Llegamos en Transmi, hasta la Jiménez, compramos algunas baratijas. Abro el libro, ¿a dónde vamos? Ah sí, a la 19, a Las Nieves, al Parque de la Independencia y al Planetario.

“Bajando por la 19 con 19 horas” y la primera diferencia. Yo vivo la 19 de día, en la mañana dominguera llena del amarillo del sol que se ve en el cielo sin nubes, mientras él vive “en ese momento del día en el que los carros patinan en el asfalto encharcado de alcohol” sintiendo esa Bogotá central de la noche, la que si se alumbra es de un amarillo naranjoso que riega los postes de luz, y que ilumina donde “3 amigos se resisten a que termine la farra, y si de retardantes se trata, para retener el mareo y las erupciones de vómito con zanahorias jamás comidas, no hay nada mejor que hacer las paces con el perico” o el Old John, que se les nota en los ojos mientras yo la veo por entre un vaso con mango biche, limón y sal, y una que otra pola. Pero es así como nos encontramos, entre diferentes relatos, entre dos Bogotás que vivimos ambos, por una misma calle.

La 19

Bogotá es una ciudad gris, sucia y desordenada. Hay tantas cosas en el piso, todo el mundo vende de todo. Tantos colores y figuras regadas en el suelo sobre pedazos de tela de colores y que anuncia alguien gritando. Todo esto, más la indiferencia de sus habitantes, crea una suerte de sentimiento de extrañeza. La extraña pertenencia, como de volver al lugar donde siempre debí estar. La capital en la noche cambia, la ciudad está viva, como una puta que se pone bonita para irse a trabajar: Bogotá en la oscuridad es una ciudad de piernas abiertas. Es una ciudad de puertas abiertas, pero nosotros nos enfrascamos en cerrarlas. Me gusta porque tiene cierta sensación de peligro y en cada esquina se puede encontrar la vida misma, la realidad que no me contaron, en la que han intentado “cuidarme” de la muerte o el amor de la vida.

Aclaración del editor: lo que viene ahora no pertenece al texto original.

(* Let $m\in\mathbb{N}$ and let $L,M,N$ be nonempty subsets of $[m]$. Let $D=(1+u^2)D_1+u^2\big(D_2+(u+u^2)D_3\big)\subseteq\mathcal{R}^m$ where $D_1\in\{\Delta_L,\Delta_L^c\}$, $D_2\in\{\Delta_M,\Delta_M^c\}$, $D_3\in\{\Delta_N,\Delta_N^c\}$. Then the binary linear code $\Phi(C_D)$ is self-orthogonal (with respect to the Euclidean inner product on $\mathbb{Z}_2^{3|D|}$).
   Context: $\mathcal{R}=\mathbb{Z}_2[u]/\langle u^3-u\rangle$; every $x\in\mathcal{R}^n$ is uniquely $x=r+us+u^2t$ with $r,s,t\in\mathbb{Z}_2^n$, and $\mathbb{Z}_2^n\subseteq\mathcal{R}^n$. The Gray map $\Phi:\mathcal{R}^n\to\mathbb{Z}_2^{3n}$ is $\Phi(r+us+u^2t)=(r+s,\,s+t,\,t)$. $[m]=\{1,\dots,m\}$; for $X\subseteq[m]$, $\Delta_X=\{v\in\mathbb{Z}_2^m:\mathrm{Supp}(v)\subseteq X\}$ and $\Delta_X^c=\mathbb{Z}_2^m\setminus\Delta_X$. For $D_1,D_2,D_3\subseteq\mathbb{Z}_2^m$, $(1+u^2)D_1+u^2(D_2+(u+u^2)D_3)=\{(1+u^2)t_1+u^2t_2+u^2(u+u^2)t_3:t_i\in D_i\}\subseteq\mathcal{R}^m$. Given $D=\{d_1,\dots,d_n\}\subseteq\mathcal{R}^m$ (in a fixed order), $C_D=\{(v\cdot d_1,\dots,v\cdot d_n):v\in\mathcal{R}^m\}$ with $v\cdot d=\sum_i v_id_i$, and $\Phi(C_D)=\{\Phi(c):c\in C_D\}\subseteq\mathbb{Z}_2^{3n}$. A binary code $C$ is self-orthogonal if $C\subseteq C^\perp$. *)

theory Defs
  imports Main "HOL-Library.Z2"
begin

text \<open>The ring R = Z_2[u]/(u^3 - u). An element r + u s + u^2 t is represented
  by the triple (r, s, t) of elements of Z_2 (type bit).\<close>

type_synonym rr = "bit \<times> bit \<times> bit"

definition r_of :: "rr \<Rightarrow> bit" where "r_of x = fst x"
definition s_of :: "rr \<Rightarrow> bit" where "s_of x = fst (snd x)"
definition t_of :: "rr \<Rightarrow> bit" where "t_of x = snd (snd x)"

definition radd :: "rr \<Rightarrow> rr \<Rightarrow> rr" where
  "radd x y = (r_of x + r_of y, s_of x + s_of y, t_of x + t_of y)"

text \<open>Multiplication using u^3 = u (hence u^4 = u^2).\<close>
definition rmul :: "rr \<Rightarrow> rr \<Rightarrow> rr" where
  "rmul x y =
    (r_of x * r_of y,
     r_of x * s_of y + s_of x * r_of y + s_of x * t_of y + t_of x * s_of y,
     r_of x * t_of y + t_of x * r_of y + s_of x * s_of y + t_of x * t_of y)"

definition r_one :: rr where "r_one = (1, 0, 0)"
definition r_u :: rr where "r_u = (0, 1, 0)"
definition r_u2 :: rr where "r_u2 = (0, 0, 1)"

text \<open>Vectors of length m are functions on nat, indexed by [m] = {1..m}, vanishing
  outside [m].\<close>

definition bvecs :: "nat \<Rightarrow> (nat \<Rightarrow> bit) set" where
  "bvecs m = {v. \<forall>i. i \<notin> {1..m} \<longrightarrow> v i = 0}"

definition rvecs :: "nat \<Rightarrow> (nat \<Rightarrow> rr) set" where
  "rvecs m = {v. \<forall>i. i \<notin> {1..m} \<longrightarrow> v i = (0, 0, 0)}"

definition embed :: "(nat \<Rightarrow> bit) \<Rightarrow> (nat \<Rightarrow> rr)" where
  "embed v = (\<lambda>i. (v i, 0, 0))"

definition rvadd :: "(nat \<Rightarrow> rr) \<Rightarrow> (nat \<Rightarrow> rr) \<Rightarrow> (nat \<Rightarrow> rr)" where
  "rvadd v w = (\<lambda>i. radd (v i) (w i))"

definition rsmul :: "rr \<Rightarrow> (nat \<Rightarrow> rr) \<Rightarrow> (nat \<Rightarrow> rr)" where
  "rsmul a v = (\<lambda>i. rmul a (v i))"

definition supp :: "(nat \<Rightarrow> bit) \<Rightarrow> nat set" where
  "supp v = {i. v i \<noteq> 0}"

definition Delta :: "nat \<Rightarrow> nat set \<Rightarrow> (nat \<Rightarrow> bit) set" where
  "Delta m X = {v \<in> bvecs m. supp v \<subseteq> X}"

definition Delta_c :: "nat \<Rightarrow> nat set \<Rightarrow> (nat \<Rightarrow> bit) set" where
  "Delta_c m X = bvecs m - Delta m X"

definition defset ::
  "(nat \<Rightarrow> bit) set \<Rightarrow> (nat \<Rightarrow> bit) set \<Rightarrow> (nat \<Rightarrow> bit) set \<Rightarrow> (nat \<Rightarrow> rr) set" where
  "defset D1 D2 D3 =
    {rvadd (rvadd (rsmul (radd r_one r_u2) (embed t1)) (rsmul r_u2 (embed t2)))
           (rsmul (rmul r_u2 (radd r_u r_u2)) (embed t3))
     | t1 t2 t3. t1 \<in> D1 \<and> t2 \<in> D2 \<and> t3 \<in> D3}"

definition rdot :: "nat \<Rightarrow> (nat \<Rightarrow> rr) \<Rightarrow> (nat \<Rightarrow> rr) \<Rightarrow> rr" where
  "rdot m v d = foldr (\<lambda>i acc. radd (rmul (v i) (d i)) acc) [1..<Suc m] (0, 0, 0)"

text \<open>The code C_D for D listed in a fixed order ds = [d_1, ..., d_n].\<close>
definition code_D :: "nat \<Rightarrow> (nat \<Rightarrow> rr) list \<Rightarrow> rr list set" where
  "code_D m ds = {map (\<lambda>d. rdot m v d) ds | v. v \<in> rvecs m}"

definition gray :: "rr list \<Rightarrow> bit list" where
  "gray c = map (\<lambda>x. r_of x + s_of x) c @ map (\<lambda>x. s_of x + t_of x) c @ map t_of c"

definition gray_code :: "rr list set \<Rightarrow> bit list set" where
  "gray_code C = gray ` C"

definition binner :: "bit list \<Rightarrow> bit list \<Rightarrow> bit" where
  "binner x y = sum_list (map2 (*) x y)"

definition dual_code :: "nat \<Rightarrow> bit list set \<Rightarrow> bit list set" where
  "dual_code N C = {y. length y = N \<and> (\<forall>x\<in>C. binner x y = 0)}"

definition self_orthogonal :: "nat \<Rightarrow> bit list set \<Rightarrow> bool" where
  "self_orthogonal N C \<longleftrightarrow> C \<subseteq> dual_code N C"

end

theory Submission
  imports Defs "HOL-Library.Product_Plus" "HOL-Library.Disjoint_Sets"
begin

(* Write the elements of D as d = (1 + u^2) t1 + u^2 t2 + u^2 (u + u^2) t3; this parametrises
   D bijectively by D1 \<times> D2 \<times> D3. Each of the three Gray coordinates of v \<cdot> d is Z_2-linear
   in d, hence of the form f1 t1 + f2 t2 + f3 t3. The inner product of the Gray images of two
   codewords is therefore a sum over D1 \<times> D2 \<times> D3 of products
   (f1 t1 + f2 t2 + f3 t3) (g1 t1 + g2 t2 + g3 t3), and every monomial of such a product misses
   one of the three variables. It is thus counted |D_i| times for some i, which is even:
   flipping a fixed coordinate of X is a fixed-point-free involution of both Delta_X and its
   complement. *)

lemma of_nat_even_eq_0:
  assumes "(2::'r::comm_semiring_1) = 0" "even n"
  shows "(of_nat n :: 'r) = 0"
  using assms by (auto elim!: evenE)

lemma sum_pairwise_terms_over_even_product:
  fixes P :: "'a \<Rightarrow> 'b \<Rightarrow> 'r::comm_semiring_1" and Q :: "'a \<Rightarrow> 'c \<Rightarrow> 'r" and R :: "'b \<Rightarrow> 'c \<Rightarrow> 'r"
  assumes "(2::'r) = 0" "even (card A)" "even (card B)" "even (card C)"
  shows "(\<Sum>(a, b, c)\<in>A \<times> B \<times> C. P a b + Q a c + R b c) = 0"
proof -
  have [simp]: "of_nat (card A) = (0::'r)" "of_nat (card B) = (0::'r)" "of_nat (card C) = (0::'r)"
    using assms by (simp_all add: of_nat_even_eq_0)
  have "(\<Sum>(a, b, c)\<in>A \<times> B \<times> C. P a b + Q a c + R b c)
      = (\<Sum>a\<in>A. \<Sum>b\<in>B. \<Sum>c\<in>C. P a b) + (\<Sum>a\<in>A. \<Sum>b\<in>B. \<Sum>c\<in>C. Q a c)
        + (\<Sum>a\<in>A. \<Sum>b\<in>B. \<Sum>c\<in>C. R b c)"
    by (simp add: sum.cartesian_product [symmetric] sum.distrib)
  also have "\<dots> = 0"
    by (simp add: sum.swap [of _ A B] sum_distrib_left [symmetric])
  finally show ?thesis .
qed

lemma sum_product_of_separable_forms_over_even_product:
  fixes f1 g1 :: "'a \<Rightarrow> 'r::comm_semiring_1" and f2 g2 :: "'b \<Rightarrow> 'r" and f3 g3 :: "'c \<Rightarrow> 'r"
  assumes "(2::'r) = 0" "even (card A)" "even (card B)" "even (card C)"
  shows "(\<Sum>(a, b, c)\<in>A \<times> B \<times> C. (f1 a + f2 b + f3 c) * (g1 a + g2 b + g3 c)) = 0"
proof -
  have "(f1 a + f2 b + f3 c) * (g1 a + g2 b + g3 c)
      = (f1 a * g1 a + f1 a * g2 b + f2 b * g1 a + f2 b * g2 b)
        + (f1 a * g3 c + f3 c * g1 a + f3 c * g3 c) + (f2 b * g3 c + f3 c * g2 b)" for a b c
    by (simp add: algebra_simps)
  then show ?thesis
    using sum_pairwise_terms_over_even_product [OF assms] by simp
qed

lemma of_nat_bit_eq_0_iff: "of_nat n = (0::bit) \<longleftrightarrow> even n"
  by (induction n) auto

lemma even_card_fixpoint_free_involution:
  assumes "finite A"
    and "\<And>x. x \<in> A \<Longrightarrow> h x \<in> A" "\<And>x. x \<in> A \<Longrightarrow> h (h x) = x" "\<And>x. x \<in> A \<Longrightarrow> h x \<noteq> x"
  shows "even (card A)"
proof -
  have "(\<Sum>x\<in>A. 1::bit) = 0"
    by (rule sum_involution_eq_0 [where h = h]) (use assms in auto)
  then show ?thesis
    by (simp add: of_nat_bit_eq_0_iff)
qed

lemma finite_bvecs: "finite (bvecs m)"
proof -
  have "finite (UNIV :: bit set)"
    by (rule finite_subset [of _ "{0, 1}"]) (use bit.exhaust in auto)
  then show ?thesis
    using finite_set_of_finite_funs [OF finite_atLeastAtMost, of UNIV 1 m 0] by (simp add: bvecs_def)
qed

lemma fun_upd_in_bvecs_iff: "i \<in> {1..m} \<Longrightarrow> v(i := b) \<in> bvecs m \<longleftrightarrow> v \<in> bvecs m"
  unfolding bvecs_def by auto

lemma even_card_Delta_or_Delta_c:
  assumes "X \<subseteq> {1..m}" "X \<noteq> {}" "D \<in> {Delta m X, Delta_c m X}"
  shows "even (card D)"
proof -
  obtain i where "i \<in> X"
    using assms(2) by blast
  define flip where "flip v = v(i := v i + 1)" for v :: "nat \<Rightarrow> bit"
  have "flip v \<in> bvecs m \<longleftrightarrow> v \<in> bvecs m" for v
    using \<open>i \<in> X\<close> assms(1) unfolding flip_def by (intro fun_upd_in_bvecs_iff) blast
  moreover have "supp (flip v) \<subseteq> X \<longleftrightarrow> supp v \<subseteq> X" for v
    using \<open>i \<in> X\<close> by (auto simp: flip_def supp_def)
  ultimately have "v \<in> D \<Longrightarrow> flip v \<in> D" for v
    using assms(3) by (auto simp: Delta_def Delta_c_def)
  moreover have "finite D"
    using assms(3) finite_bvecs by (auto simp: Delta_def Delta_c_def)
  moreover have "flip (flip v) = v" "flip v \<noteq> v" for v
    by (auto simp: flip_def fun_eq_iff)
  ultimately show ?thesis
    by (intro even_card_fixpoint_free_involution [of D flip]) auto
qed

lemma radd_eq_plus: "radd x y = x + y"
  by (simp add: radd_def r_of_def s_of_def t_of_def plus_prod_def)

lemma rmul_add_right: "rmul p (x + y) = rmul p x + rmul p y"
  by (simp add: rmul_def r_of_def s_of_def t_of_def algebra_simps del: add_bit_eq_xor mult_bit_eq_and)

lemma rdot_eq_sum: "rdot m v d = (\<Sum>i\<in>{1..m}. rmul (v i) (d i))"
proof -
  have "foldr (\<lambda>i acc. radd (g i) acc) xs (0, 0, 0) = (\<Sum>i\<leftarrow>xs. g i)" for g :: "nat \<Rightarrow> rr" and xs
    by (induction xs) (simp_all add: radd_eq_plus zero_prod_def)
  then show ?thesis
    unfolding rdot_def
    by (simp only: sum_list_distinct_conv_sum_set [OF distinct_upt] set_upt atLeastLessThanSuc_atLeastAtMost)
qed

lemma rdot_rvadd: "rdot m v (rvadd d d') = rdot m v d + rdot m v d'"
  by (simp add: rdot_eq_sum rvadd_def radd_eq_plus rmul_add_right sum.distrib)

lemma r_of_add: "r_of (x + y) = r_of x + r_of y"
  and s_of_add: "s_of (x + y) = s_of x + s_of y"
  and t_of_add: "t_of (x + y) = t_of x + t_of y"
  by (simp_all add: r_of_def s_of_def t_of_def)

definition defvec :: "(nat \<Rightarrow> bit) \<Rightarrow> (nat \<Rightarrow> bit) \<Rightarrow> (nat \<Rightarrow> bit) \<Rightarrow> (nat \<Rightarrow> rr)" where
  "defvec t1 t2 t3 =
    rvadd (rvadd (rsmul (radd r_one r_u2) (embed t1)) (rsmul r_u2 (embed t2)))
          (rsmul (rmul r_u2 (radd r_u r_u2)) (embed t3))"

lemma defset_eq_image: "defset D1 D2 D3 = (\<lambda>(t1, t2, t3). defvec t1 t2 t3) ` (D1 \<times> D2 \<times> D3)"
  unfolding defset_def defvec_def by force

lemma defvec_apply: "defvec t1 t2 t3 i = (t1 i, t3 i, t1 i + t2 i + t3 i)"
  unfolding defvec_def rvadd_def rsmul_def embed_def
  by (simp add: rmul_def radd_def r_of_def s_of_def t_of_def r_one_def r_u_def r_u2_def
      del: add_bit_eq_xor mult_bit_eq_and)

lemma inj_defvec: "inj (\<lambda>(t1, t2, t3). defvec t1 t2 t3)"
proof (rule inj_on_inverseI)
  fix p :: "(nat \<Rightarrow> bit) \<times> (nat \<Rightarrow> bit) \<times> (nat \<Rightarrow> bit)"
  show "(\<lambda>d. (\<lambda>i. fst (d i), \<lambda>i. snd (snd (d i)) - fst (d i) - fst (snd (d i)), \<lambda>i. fst (snd (d i))))
      ((\<lambda>(t1, t2, t3). defvec t1 t2 t3) p) = p"
    by (cases p) (simp add: defvec_apply fun_eq_iff del: add_bit_eq_xor)
qed

lemma additive_rdot_defvec:
  assumes "\<And>x y. \<phi> (x + y) = \<phi> x + \<phi> y"
  shows "\<phi> (rdot m v (defvec t1 t2 t3)) =
    \<phi> (rdot m v (rsmul (radd r_one r_u2) (embed t1))) + \<phi> (rdot m v (rsmul r_u2 (embed t2)))
    + \<phi> (rdot m v (rsmul (rmul r_u2 (radd r_u r_u2)) (embed t3)))"
  unfolding defvec_def by (simp add: rdot_rvadd assms)

lemma binner_append: "length x = length y \<Longrightarrow> binner (x @ x') (y @ y') = binner x y + binner x' y'"
  by (simp add: binner_def)

lemma binner_map_map: "binner (map f xs) (map g xs) = (\<Sum>x\<leftarrow>xs. f x * g x)"
  by (simp add: binner_def zip_map_map zip_same_conv_map comp_def del: add_bit_eq_xor mult_bit_eq_and)

lemma binner_gray_map:
  "binner (gray (map f xs)) (gray (map g xs)) =
     (\<Sum>x\<leftarrow>xs. (r_of (f x) + s_of (f x)) * (r_of (g x) + s_of (g x)))
   + (\<Sum>x\<leftarrow>xs. (s_of (f x) + t_of (f x)) * (s_of (g x) + t_of (g x)))
   + (\<Sum>x\<leftarrow>xs. t_of (f x) * t_of (g x))"
  by (simp add: gray_def binner_append binner_map_map add.assoc del: add_bit_eq_xor mult_bit_eq_and)

lemma length_gray: "length (gray c) = 3 * length c"
  by (simp add: gray_def)

lemma sum_coordinate_products_vanish:
  fixes \<phi> :: "rr \<Rightarrow> bit"
  assumes additive: "\<And>x y. \<phi> (x + y) = \<phi> x + \<phi> y"
    and even: "even (card D1)" "even (card D2)" "even (card D3)"
    and "distinct ds" "set ds = defset D1 D2 D3"
  shows "(\<Sum>d\<leftarrow>ds. \<phi> (rdot m v d) * \<phi> (rdot m w d)) = 0"
proof -
  have "(\<Sum>d\<leftarrow>ds. \<phi> (rdot m v d) * \<phi> (rdot m w d))
      = (\<Sum>d\<in>defset D1 D2 D3. \<phi> (rdot m v d) * \<phi> (rdot m w d))"
    unfolding assms(6) [symmetric] by (rule sum_list_distinct_conv_sum_set [OF assms(5)])
  also have "\<dots> = (\<Sum>(t1, t2, t3)\<in>D1 \<times> D2 \<times> D3.
      \<phi> (rdot m v (defvec t1 t2 t3)) * \<phi> (rdot m w (defvec t1 t2 t3)))"
    unfolding defset_eq_image sum.reindex [OF inj_on_subset [OF inj_defvec subset_UNIV]]
    by (simp add: comp_def split_def)
  also have "\<dots> = 0"
    unfolding additive_rdot_defvec [of \<phi>, OF additive]
    by (rule sum_product_of_separable_forms_over_even_product) (simp_all add: even)
  finally show ?thesis .
qed

theorem proposition4p3:
  fixes m :: nat and L M N :: "nat set"
    and D1 D2 D3 :: "(nat \<Rightarrow> bit) set" and ds :: "(nat \<Rightarrow> rr) list"
  assumes "L \<subseteq> {1..m}" "L \<noteq> {}"
      and "M \<subseteq> {1..m}" "M \<noteq> {}"
      and "N \<subseteq> {1..m}" "N \<noteq> {}"
      and "D1 \<in> {Delta m L, Delta_c m L}"
      and "D2 \<in> {Delta m M, Delta_c m M}"
      and "D3 \<in> {Delta m N, Delta_c m N}"
      and "distinct ds" "set ds = defset D1 D2 D3"
  shows "self_orthogonal (3 * length ds) (gray_code (code_D m ds))"
proof -
  have even: "even (card D1)" "even (card D2)" "even (card D3)"
    using even_card_Delta_or_Delta_c assms(1-9) by blast+
  note vanish = sum_coordinate_products_vanish [OF _ even assms(10,11)]
  have "binner (gray (map (rdot m v) ds)) (gray (map (rdot m w) ds)) = 0" for v w
    unfolding binner_gray_map
    using vanish [of "\<lambda>x. r_of x + s_of x"] vanish [of "\<lambda>x. s_of x + t_of x"] vanish [of t_of]
    by (simp add: r_of_add s_of_add t_of_add algebra_simps del: add_bit_eq_xor mult_bit_eq_and)
  then show ?thesis
    unfolding self_orthogonal_def dual_code_def gray_code_def code_D_def by (auto simp: length_gray)
qed

end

La compañía es importante, resignifica los espacios, los llena de sentido. En la noche van tres borrachos, y de día, ahora, también voy yo y alguien que invité caminar junto a mí. “Compran un trago en Las Nieves” y nosotros nos tomamos fotos al frente de la iglesia y “al lado del hotel donde Luis Ospina grabó Soplo de vida”. Se ve viejo pero no por eso es menos estético o representativo. Es cierto que tiene un aspecto de dejo, pero me gusta pensar más bien que tiene tantos años acumulados de historia que quizá se le desbordan.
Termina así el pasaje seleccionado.